TU Delft researchers and 20 partners will develop reliable and safe wireless broadband connections using light instead of radio waves. They anticipate that this technology will securely send and process digital data at high speeds, with low latency. For this research project, the team has been awarded €4.1 million from the Dutch Research Council’s (NWO) Perspectief program. TU Delft is also participating in the other five consortia that received Perspectief funding.

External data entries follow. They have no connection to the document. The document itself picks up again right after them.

(* Let $q\ge2$, $N=2^q$, $b>0$, $h=b/N$, and let $A_q=h^2B_h$, where $B_h=(b_{i,j})_{i,j=1}^{N-1}$ is the symmetric Toeplitz matrix with $b_{i,i}=\frac{2N}3-1$, $b_{i,j}=\frac N6-1$ if $|i-j|=1$, and $b_{i,j}=-1$ if $|i-j|\ge2$. For $k=q,q-1,\dots,2$ define $A_{k-1}=I_k^{k-1}A_kI_{k-1}^k$, where $A_k$ has size $n_k=2^k-1$, $I_k^{k-1}:\mathbb R^{n_k}\to\mathbb R^{n_{k-1}}$ is $(I_k^{k-1}\nu)_i=\frac14(\nu_{2i-1}+2\nu_{2i}+\nu_{2i+1})$ and $I_{k-1}^k=2(I_k^{k-1})^T$. Let $D_k$ be the diagonal of $A_k$, let $\eta_0$ satisfy $\lambda_{\max}(D_k^{-1}A_k)\le\eta_0<3$ for all $1\le k\le q$, let $0<\omega<2/\eta_0$, let $0<\eta\le\omega(2-\omega\eta_0)$, and let $K_k=I-\omega D_k^{-1}A_k$. Then for every $1\le k\le q$, $\|K_k\nu\|_{A_k}^2\le\|\nu\|_{A_k}^2-\eta\|A_k\nu\|_{D_k^{-1}}^2$ for all $\nu\in\mathbb R^{n_k}$, and for every $2\le k\le q$, $$\|K_kT^k\|_{A_k}\le\sqrt{1-\eta/4}<1,\qquad T^k=I-I_{k-1}^kA_{k-1}^{-1}I_k^{k-1}A_k.$$
   Context: For a symmetric positive definite $M$, $\|\nu\|_M=\sqrt{\nu^TM\nu}$ and for a matrix $X$, $\|X\|_M$ is the induced operator norm. $K_k$ is the damped Jacobi iteration matrix on level $k$, $T^k$ the coarse grid correction operator between levels $k$ and $k-1$ (Galerkin coarse matrices), and $K_kT^k$ the two-level iteration matrix at level $k$ of the multigrid hierarchy. $A_q$ is the piecewise linear finite element stiffness matrix of the nonlocal operator $u\mapsto\int_0^b[u(x)-u(y)]dy$ with zero exterior condition. *)

theory Defs
  imports "Jordan_Normal_Form.Matrix" "Jordan_Normal_Form.Char_Poly"
    "Jordan_Normal_Form.Gauss_Jordan_Elimination"
begin

(* Matrices are JNF matrices (real mat) with 0-based indices: paper index i
   corresponds to JNF index i-1. *)

definition nlev :: "nat \<Rightarrow> nat" where
  "nlev k = 2 ^ k - 1"

definition Bmat :: "nat \<Rightarrow> real mat" where
  "Bmat q = (let N = (2::real) ^ q in
     mat (2 ^ q - 1) (2 ^ q - 1) (\<lambda>(i, j).
       if i = j then 2 * N / 3 - 1
       else if i = j + 1 \<or> j = i + 1 then N / 6 - 1
       else -1))"

(* restriction I_k^{k-1} : R^{n_k} -> R^{n_{k-1}},
   (I nu)_i = (nu_{2i-1} + 2 nu_{2i} + nu_{2i+1})/4 in 1-based indices *)
definition restr :: "nat \<Rightarrow> real mat" where
  "restr k = mat (nlev (k - 1)) (nlev k) (\<lambda>(i, j).
     if j = 2 * i then 1/4 else if j = 2 * i + 1 then 1/2
     else if j = 2 * i + 2 then 1/4 else 0)"

definition prolong :: "nat \<Rightarrow> real mat" where
  "prolong k = 2 \<cdot>\<^sub>m transpose_mat (restr k)"

fun Agal :: "nat \<Rightarrow> real \<Rightarrow> nat \<Rightarrow> real mat" where
  "Agal q b 0 = ((b / 2 ^ q) ^ 2) \<cdot>\<^sub>m Bmat q"
| "Agal q b (Suc d) = restr (q - d) * Agal q b d * prolong (q - d)"

definition Alev :: "nat \<Rightarrow> real \<Rightarrow> nat \<Rightarrow> real mat" where
  "Alev q b k = Agal q b (q - k)"

definition diag_part :: "real mat \<Rightarrow> real mat" where
  "diag_part A = mat (dim_row A) (dim_col A) (\<lambda>(i, j). if i = j then A $$ (i, i) else 0)"

definition diag_inv :: "real mat \<Rightarrow> real mat" where
  "diag_inv A = the (mat_inverse (diag_part A))"

definition minv :: "real mat \<Rightarrow> real mat" where
  "minv A = the (mat_inverse A)"

definition lambda_max :: "real mat \<Rightarrow> real" where
  "lambda_max A = Max {l. eigenvalue A l}"

definition vnorm :: "real mat \<Rightarrow> real vec \<Rightarrow> real" where
  "vnorm M v = sqrt (v \<bullet> (M *\<^sub>v v))"

definition opnorm :: "real mat \<Rightarrow> nat \<Rightarrow> real mat \<Rightarrow> real" where
  "opnorm M n X = Sup {vnorm M (X *\<^sub>v v) / vnorm M v | v. v \<in> carrier_vec n \<and> v \<noteq> 0\<^sub>v n}"

definition Kmat :: "real \<Rightarrow> real mat \<Rightarrow> real mat" where
  "Kmat \<omega> A = 1\<^sub>m (dim_row A) - \<omega> \<cdot>\<^sub>m (diag_inv A * A)"

definition Tmat :: "nat \<Rightarrow> real \<Rightarrow> nat \<Rightarrow> real mat" where
  "Tmat q b k = 1\<^sub>m (nlev k) - prolong k * minv (Alev q b (k - 1)) * restr k * Alev q b k"

end

theory Submission
  imports Defs
begin

(* Galerkin coarsening reproduces the model matrix, R B_k P = 2 B_(k-1), so every level
   matrix is A_k = alpha_k B_k and its diagonal D_k = d_k I is a multiple of the identity.
   For the piecewise linear interpolant u of a grid vector e (zero outside (0,b)) one has
   e^T B_k e = N * int u^2 - (sum e)^2 = N * int (u - mean u)^2.  Hence B_k is positive
   definite, and since second differences do not see the mean, e^T B_k e controls the
   error of interpolating e from its coarse (odd) nodes:  d_k |e - P c|^2 <= 4 e^T A_k e.
   The bound lambda_max (D^-1 A) <= eta0 becomes u^T A u <= eta0 d_k |u|^2 by a Rayleigh
   quotient argument, which yields the smoothing property of damped Jacobi.  The coarse
   grid correction is the A-orthogonal projection onto the range of P, so combining it
   with the approximation property and the smoothing property contracts the energy norm
   by the factor 1 - eta/4.  The unit diagonal of D^-1 A forces eta0 >= 1, hence eta <= 1. *)

section \<open>Quadratic forms of real symmetric matrices\<close>

lemma scalar_prod_self_nonneg: "0 \<le> (x :: real vec) \<bullet> x"
  unfolding scalar_prod_def by (auto intro!: sum_nonneg)

lemma scalar_prod_self_eq_sum_squares:
  "(x :: real vec) \<in> carrier_vec n \<Longrightarrow> x \<bullet> x = (\<Sum>i<n. (x $ i)^2)"
  unfolding scalar_prod_def by (simp add: power2_eq_square atLeast0LessThan)

lemma square_index_le_scalar_prod_self:
  fixes x :: "real vec"
  assumes "x \<in> carrier_vec n" "i < n"
  shows "(x $ i)^2 \<le> x \<bullet> x"
  unfolding scalar_prod_self_eq_sum_squares[OF assms(1)]
  by (rule member_le_sum) (use assms(2) in auto)

lemma scalar_prod_self_pos:
  fixes x :: "real vec"
  assumes x: "x \<in> carrier_vec n" and nz: "x \<noteq> 0\<^sub>v n"
  shows "0 < x \<bullet> x"
proof -
  obtain i where i: "i < n" "x $ i \<noteq> 0"
    using nz x by (metis eq_vecI carrier_vecD index_zero_vec(1,2))
  have "0 < (x $ i)^2" using i by simp
  also have "\<dots> \<le> x \<bullet> x" using square_index_le_scalar_prod_self[OF x i(1)] .
  finally show ?thesis .
qed

lemma scalar_prod_minus_smult_self:
  fixes a b :: "real vec"
  assumes a: "a \<in> carrier_vec n" and b: "b \<in> carrier_vec n"
  shows "(a - t \<cdot>\<^sub>v b) \<bullet> (a - t \<cdot>\<^sub>v b) = a \<bullet> a - 2 * t * (a \<bullet> b) + t^2 * (b \<bullet> b)"
proof -
  have tb: "t \<cdot>\<^sub>v b \<in> carrier_vec n" using b by simp
  have "(a - t \<cdot>\<^sub>v b) \<bullet> (a - t \<cdot>\<^sub>v b) = a \<bullet> a - t * (a \<bullet> b) - (t * (b \<bullet> a) - t * t * (b \<bullet> b))"
    using a b tb
    by (simp add: minus_scalar_prod_distrib[of _ n] scalar_prod_minus_distrib[of _ n] algebra_simps)
  then show ?thesis using comm_scalar_prod[OF b a] by (simp add: power2_eq_square algebra_simps)
qed

lemma smult_mat_mult_vec:
  assumes "A \<in> carrier_mat nr nc" "v \<in> carrier_vec nc"
  shows "(k \<cdot>\<^sub>m A) *\<^sub>v v = k \<cdot>\<^sub>v (A *\<^sub>v (v :: real vec))"
  using assms by (intro eq_vecI) (auto simp: scalar_prod_def sum_distrib_left ac_simps)

lemma quadratic_form_smult:
  fixes A :: "real mat"
  assumes "A \<in> carrier_mat n n" "e \<in> carrier_vec n"
  shows "e \<bullet> ((\<alpha> \<cdot>\<^sub>m A) *\<^sub>v e) = \<alpha> * (e \<bullet> (A *\<^sub>v e))"
  using assms by (simp add: smult_mat_mult_vec[of _ n n])

lemma symmetric_scalar_prod_swap:
  fixes A :: "real mat"
  assumes A: "A \<in> carrier_mat n n" and sym: "transpose_mat A = A"
    and u: "u \<in> carrier_vec n" and w: "w \<in> carrier_vec n"
  shows "u \<bullet> (A *\<^sub>v w) = (A *\<^sub>v u) \<bullet> w"
  using transpose_vec_mult_scalar[OF A w u] sym by simp

lemma abs_quadratic_form_le:
  fixes M :: "real mat"
  assumes M: "M \<in> carrier_mat n n" and x: "x \<in> carrier_vec n"
  shows "\<bar>x \<bullet> (M *\<^sub>v x)\<bar> \<le> (\<Sum>i<n. \<Sum>j<n. \<bar>M $$ (i,j)\<bar>) * (x \<bullet> x)"
proof -
  have expand: "x \<bullet> (M *\<^sub>v x) = (\<Sum>i<n. \<Sum>j<n. x $ i * M $$ (i,j) * x $ j)"
    using M x unfolding scalar_prod_def
    by (auto simp: sum_distrib_left row_def mult.assoc scalar_prod_def atLeast0LessThan
        intro!: sum.cong)
  have entry: "\<bar>x $ i * M $$ (i,j) * x $ j\<bar> \<le> \<bar>M $$ (i,j)\<bar> * (x \<bullet> x)"
    if "i < n" "j < n" for i j
  proof -
    have "2 * \<bar>x $ i * x $ j\<bar> \<le> (x $ i)^2 + (x $ j)^2"
      using power2_diff[of "\<bar>x $ i\<bar>" "\<bar>x $ j\<bar>"] zero_le_power2[of "\<bar>x $ i\<bar> - \<bar>x $ j\<bar>"]
      by (simp add: abs_mult)
    also have "\<dots> \<le> 2 * (x \<bullet> x)"
      using square_index_le_scalar_prod_self[OF x, of i] square_index_le_scalar_prod_self[OF x, of j]
        that by linarith
    finally have "\<bar>M $$ (i,j)\<bar> * \<bar>x $ i * x $ j\<bar> \<le> \<bar>M $$ (i,j)\<bar> * (x \<bullet> x)"
      by (intro mult_left_mono) auto
    then show ?thesis by (simp add: abs_mult algebra_simps)
  qed
  have "\<bar>x \<bullet> (M *\<^sub>v x)\<bar> \<le> (\<Sum>i<n. \<Sum>j<n. \<bar>x $ i * M $$ (i,j) * x $ j\<bar>)"
    unfolding expand by (rule order.trans[OF sum_abs sum_mono]) (rule sum_abs)
  also have "\<dots> \<le> (\<Sum>i<n. \<Sum>j<n. \<bar>M $$ (i,j)\<bar> * (x \<bullet> x))"
    by (intro sum_mono entry) auto
  finally show ?thesis by (simp add: sum_distrib_right)
qed

lemma mult_mat_vec_bounded:
  fixes M :: "real mat"
  assumes M: "M \<in> carrier_mat n n"
  obtains C where "C \<ge> 0" "\<And>y. y \<in> carrier_vec n \<Longrightarrow> (M *\<^sub>v y) \<bullet> (M *\<^sub>v y) \<le> C * (y \<bullet> y)"
proof
  define N where "N = transpose_mat M * M"
  have N: "N \<in> carrier_mat n n" using M unfolding N_def by auto
  show "(\<Sum>i<n. \<Sum>j<n. \<bar>N $$ (i,j)\<bar>) \<ge> 0" by (intro sum_nonneg) auto
  fix y :: "real vec" assume y: "y \<in> carrier_vec n"
  have "(M *\<^sub>v y) \<bullet> (M *\<^sub>v y) = y \<bullet> (N *\<^sub>v y)"
    using transpose_vec_mult_scalar[OF M y, of "M *\<^sub>v y"] M y N
    by (simp add: N_def comm_scalar_prod[of _ n y])
  also have "\<dots> \<le> (\<Sum>i<n. \<Sum>j<n. \<bar>N $$ (i,j)\<bar>) * (y \<bullet> y)"
    using abs_quadratic_form_le[OF N y] by linarith
  finally show "(M *\<^sub>v y) \<bullet> (M *\<^sub>v y) \<le> (\<Sum>i<n. \<Sum>j<n. \<bar>N $$ (i,j)\<bar>) * (y \<bullet> y)" .
qed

The consortium will develop the technology that ultimately may enable a ‘network of networks, in which satellite communications are seamlessly integrated with ground-based networks to provide satellite-to-satellite Network Functions Virtualisation (NFV) and Software-Defined Networking (SDN). This simplified integration between terrestrial and satellite networks – free-space optical communication (FSO) – will open up new opportunities for the Internet of Things (IoT) and more accurate weather forecasting, for example. The consortium anticipates that the huge amount of available bandwidth, inherent security, little latency, and license-free operation will result in a 10- to 100-fold increase in wireless connectivity.
Wi-Fi and other wireless communications techniques are excellent, but they have their limits: there’s only so much data you can squeeze into the radiofrequency spectrum. Even with advanced signal modulation and spatial multiplexing techniques, it struggles to keep up with the exponentially growing data demand. 5G has to annex another part of the electromagnetic spectrum – the millimeter-wave domain – to open up additional capacity.

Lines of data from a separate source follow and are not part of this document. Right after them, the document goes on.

(* Let $L_1,\ldots,L_r$ be real linear forms in $n$ variables, $L_i(\mathbf x)=\sum_{j\le n}\lambda_{i,j}x_j$, such that for every $\boldsymbol\alpha\in\mathbb{R}^r\setminus\{\mathbf0\}$ the form $\boldsymbol\alpha\cdot\mathbf L$ does not have all coefficients rational. Let $\Lambda$ be the $n\times r$ matrix with $(j,i)$ entry $\lambda_{i,j}$. For $\boldsymbol\alpha\in\mathbb{R}^r$ and $P\ge1$ let \[ \mathcal F(\boldsymbol\alpha;P)=\sup_{q\in\mathbb N,\ \mathbf a\in\mathbb{Z}^n}\ \prod_{v\le n}\big(q+P|q\lambda_v-a_v|\big)^{-1},\qquad\text{where }\boldsymbol\lambda=\Lambda\boldsymbol\alpha . \] Then for any $0<V\le W$, \[ \sup_{V\le|\Lambda\boldsymbol\alpha|\le W}\mathcal F(\boldsymbol\alpha;P)\to0\qquad(P\to\infty). \]
   Context: $|\mathbf y|=\max_i|y_i|$ for vectors. *)

theory Defs
  imports "HOL-Analysis.Analysis"
begin

definition supnorm :: "real^'n \<Rightarrow> real" where
  "supnorm y = Max (range (\<lambda>j. \<bar>y $ j\<bar>))"

text \<open>The matrix Lambda (n x r) with (j,i) entry lambda_{i,j}, given the
  coefficient rows L$i$j = lambda_{i,j} of the forms L_1..L_r.\<close>
definition LamMat :: "real^'n^'r \<Rightarrow> real^'r^'n" where
  "LamMat L = transpose L"

definition Fcal :: "real^'n^'r \<Rightarrow> real^'r \<Rightarrow> real \<Rightarrow> real" where
  "Fcal L \<alpha> P = Sup {(\<Prod>v\<in>UNIV. inverse (real q + P * \<bar>real q * (LamMat L *v \<alpha>) $ v - of_int (a $ v)\<bar>))
                      | (q::nat) (a::int^'n). q \<ge> 1}"

end

theory Submission
  imports Defs
begin

text \<open>The vectors \<open>\<Lambda>\<alpha>\<close> with \<open>V \<le> |\<Lambda>\<alpha>| \<le> W\<close> form a compact set \<open>K\<close>, and the irrationality
  hypothesis says that for every \<open>x \<in> K\<close> and \<open>q \<ge> 1\<close> some \<open>q x\<^sub>v\<close> is not an integer.
  For each fixed \<open>q\<close>, compactness turns this into a uniform lower bound \<open>\<delta>\<^sub>q > 0\<close> on the
  distance of some \<open>q x\<^sub>v\<close> to \<open>\<int>\<close>, so the \<open>q\<close>-terms of \<open>\<F>\<close> are at most \<open>1/(P\<delta>\<^sub>q)\<close>.
  The terms with \<open>q > Q\<close> are at most \<open>1/q < 1/Q\<close> regardless of \<open>P\<close>, and only finitely many
  \<open>q \<le> Q\<close> remain.\<close>

lemma component_le_supnorm: "\<bar>y $ j\<bar> \<le> supnorm y"
  unfolding supnorm_def by (rule Max_ge) auto

lemma supnorm_le_iff: "supnorm y \<le> c \<longleftrightarrow> (\<forall>j. \<bar>y $ j\<bar> \<le> c)"
  unfolding supnorm_def by (subst Max_le_iff) auto

lemma le_supnorm_iff: "c \<le> supnorm y \<longleftrightarrow> (\<exists>j. c \<le> \<bar>y $ j\<bar>)"
  unfolding supnorm_def by (subst Max_ge_iff) auto

lemma supnorm_attained: "\<exists>j. supnorm y = \<bar>y $ j\<bar>"
proof -
  have "supnorm y \<in> range (\<lambda>j. \<bar>y $ j\<bar>)"
    unfolding supnorm_def by (rule Max_in) auto
  then show ?thesis by auto
qed

lemma supnorm_zero [simp]: "supnorm 0 = 0"
  using supnorm_attained[of 0] by auto

lemma supnorm_pos: "y \<noteq> 0 \<Longrightarrow> 0 < supnorm y"
  by (metis component_le_supnorm order.strict_trans2 vec_eq_iff zero_index zero_less_abs_iff)

lemma supnorm_scaleR: "supnorm (c *\<^sub>R y) = \<bar>c\<bar> * supnorm y"
proof (rule antisym)
  show "supnorm (c *\<^sub>R y) \<le> \<bar>c\<bar> * supnorm y"
    by (auto simp: supnorm_le_iff abs_mult intro: mult_left_mono component_le_supnorm)
  obtain j where "supnorm y = \<bar>y $ j\<bar>"
    using supnorm_attained by blast
  then show "\<bar>c\<bar> * supnorm y \<le> supnorm (c *\<^sub>R y)"
    using component_le_supnorm[of "c *\<^sub>R y" j] by (simp add: abs_mult)
qed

In the visible and infrared spectrum, there’s more bandwidth obtainable. Packets of light have been running through optical fibers for years, at high speed and with low latency and great energy efficiency. Attempts to release these photons from their glass prisons begun years ago, but there is still some work to do before radio waves get serious competition from optical wireless communication.

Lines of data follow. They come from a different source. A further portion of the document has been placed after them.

lemma clique_subset_ground:
  assumes "C \<subseteq> complete_clutter n d" "1 \<le> d" "d \<le> card K" "finite K" "is_clique d C K"
  shows "K \<subseteq> {1..n}"
proof
  fix x assume x: "x \<in> K"
  have "d - 1 \<le> card (K - {x})" using x assms by simp
  then obtain T where T: "T \<subseteq> K - {x}" "card T = d - 1" "finite T"
    by (rule obtain_subset_with_card_n)
  moreover have "x \<notin> T" using T(1) by blast
  ultimately have "insert x T \<subseteq> K" "finite (insert x T)" "card (insert x T) = d"
    using x assms(2) by auto
  then have "insert x T \<in> C" using assms(5) by (simp add: is_clique_def)
  then show "x \<in> {1..n}" using assms(1) by (auto simp: complete_clutter_def)
qed

lemma finite_cliques:
  assumes "C \<subseteq> complete_clutter n d" "1 \<le> d" "d \<le> m"
  shows "finite (cliques d C m)"
proof (rule finite_subset)
  show "cliques d C m \<subseteq> Pow {1..n}"
    using clique_subset_ground[OF assms(1,2)] assms(3) by (auto simp: cliques_def)
qed simp

lemma cliques_empty_clutter:
  assumes "d \<le> m"
  shows "cliques d {} m = {}"
proof -
  have False if "finite K" "card K = m" "is_clique d {} K" for K
  proof -
    have "d \<le> card K" using that(2) assms by simp
    then obtain F where "F \<subseteq> K" "card F = d" "finite F"
      by (rule obtain_subset_with_card_n)
    then show False using that(3) by (auto simp: is_clique_def)
  qed
  then show ?thesis by (auto simp: cliques_def)
qed

lemma card_cliques_complete_clutter:
  assumes "1 \<le> d" "d \<le> m"
  shows "card (cliques d (complete_clutter n d) m) = n choose m"
proof -
  have "cliques d (complete_clutter n d) m = {K. K \<subseteq> {1..n} \<and> card K = m}"
    using clique_subset_ground[of "complete_clutter n d" n d] assms
    by (auto simp: cliques_def is_clique_def complete_clutter_def intro: finite_subset)
  then show ?thesis using n_subsets[of "{1..n}" m] by simp
qed

lemma cliques_del:
  assumes "finite e" "card e = d - 1" "1 \<le> d" "d \<le> m"
  shows "cliques d (del C e) m = {K \<in> cliques d C m. \<not> e \<subseteq> K}"
proof -
  have "\<not> e \<subseteq> K" if K: "finite K" "card K = m" "is_clique d (del C e) K" for K
  proof
    assume eK: "e \<subseteq> K"
    have "card e < card K" using K(2) assms by simp
    then have "K \<noteq> e" by auto
    then obtain x where x: "x \<in> K" "x \<notin> e" using eK by blast
    then have "insert x e \<subseteq> K" "finite (insert x e)" "card (insert x e) = d"
      using eK assms by auto
    then have "insert x e \<in> del C e" using K(3) by (simp add: is_clique_def)
    then show False by (auto simp: del_def)
  qed
  then show ?thesis by (auto simp: cliques_def is_clique_def del_def)
qed

lemma cliques_containing_simplicial:
  assumes C: "C \<subseteq> complete_clutter n d" and "1 \<le> d" "d \<le> m" and s: "simplicial d C e"
  shows "{K \<in> cliques d C m. e \<subseteq> K} = (\<union>) e ` {T. T \<subseteq> nbhd C e \<and> card T = m - d + 1}"
proof -
  have e: "finite e" "card e = d - 1" and cl: "is_clique d C (closed_nbhd C e)"
    using s by (auto simp: simplicial_def submaximal_circuit_def)
  have disj: "e \<inter> nbhd C e = {}" using nbhd_disjoint[OF C e(2) \<open>1 \<le> d\<close>] .
  have fin: "finite (nbhd C e)" using nbhd_subset_ground[OF C] finite_subset by blast
  show ?thesis
  proof (intro equalityI subsetI)
    fix K assume "K \<in> {K \<in> cliques d C m. e \<subseteq> K}"
    then have K: "finite K" "card K = m" "is_clique d C K" "e \<subseteq> K"
      by (auto simp: cliques_def)
    have "K - e \<subseteq> nbhd C e"
    proof
      fix c assume c: "c \<in> K - e"
      then have "e \<union> {c} \<subseteq> K" "finite (e \<union> {c})" "card (e \<union> {c}) = d"
        using K e \<open>1 \<le> d\<close> by auto
      then show "c \<in> nbhd C e" using K(3) by (simp add: is_clique_def nbhd_def)
    qed
    moreover have "card (K - e) = m - d + 1"
      using K e assms(2,3) by (simp add: card_Diff_subset)
    moreover have "K = e \<union> (K - e)" using K by blast
    ultimately show "K \<in> (\<union>) e ` {T. T \<subseteq> nbhd C e \<and> card T = m - d + 1}" by blast
  next
    fix K assume "K \<in> (\<union>) e ` {T. T \<subseteq> nbhd C e \<and> card T = m - d + 1}"
    then obtain T where T: "T \<subseteq> nbhd C e" "card T = m - d + 1" "K = e \<union> T" by auto
    have "finite T" using T fin finite_subset by blast
    moreover have "card K = m"
    proof -
      have "e \<inter> T = {}" using disj T(1) by blast
      then have "card K = card e + card T" using T(3) e(1) \<open>finite T\<close> by (simp add: card_Un_disjoint)
      then show ?thesis using T(2) e(2) assms(2,3) by simp
    qed
    moreover have "is_clique d C K"
      using cl T unfolding is_clique_def closed_nbhd_def by blast
    ultimately show "K \<in> {K \<in> cliques d C m. e \<subseteq> K}" using T e by (simp add: cliques_def)
  qed
qed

Six consortia in the Netherlands
TU Delft is participating in the six consortia that have been awarded a Perspectief grant. The Perspectief program is characterized in particular by the composition of the consortia: all the key players required to devise and develop practical solutions for real-life situations participate in these programs. To create a new paradigm for wireless communication that can be deployed safely and efficiently anytime, anywhere, the consortium’s academic team collaborates with companies from the aerospace industry and the high-end technology industry. The collaboration between technical universities (TU Delft, Eindhoven University of Technology, and Twente University), and Leiden University and the Vrije Universiteit in Amsterdam connect different worlds – from satellites in space to users at home.
I am extremely pleased that our Optical Wireless Superhighways address applications at all length scales, from meter distances for indoor applications to thousands of kilometers in space, bringing together both the terrestrial and the space domains, says Prof. E.K.A. (Eberhard) Gill, who leads the program.
Consortium partners:
Flexible,
Royal Netherlands Aerospace Centre,
Signify (former Philips Lighting)
The Eindhoven University of Technology,
Competitive advantage
The big question is when the world will start building the optical wireless superhighways (FSO) that the consortium is visualizing. “That’s hard to tell. All we expect is that FSO is adopted increasingly. Originally, it might be in niche applications such as beaming data from earth observation satellites. As FSO develops and matures, it will enter into further mainstream applications. Ultimately, it will compete with RF. FSO will make RF not obsolete. It won’t take fifty years to reach maturity in FSO; we could see exciting applications in the next ten years. After all, there’s a need for it in our increasingly digital evolution – the demand for bandwidth keeps growing. It will be a big market, and the consortium will give the Dutch industry a significant competitive advantage.”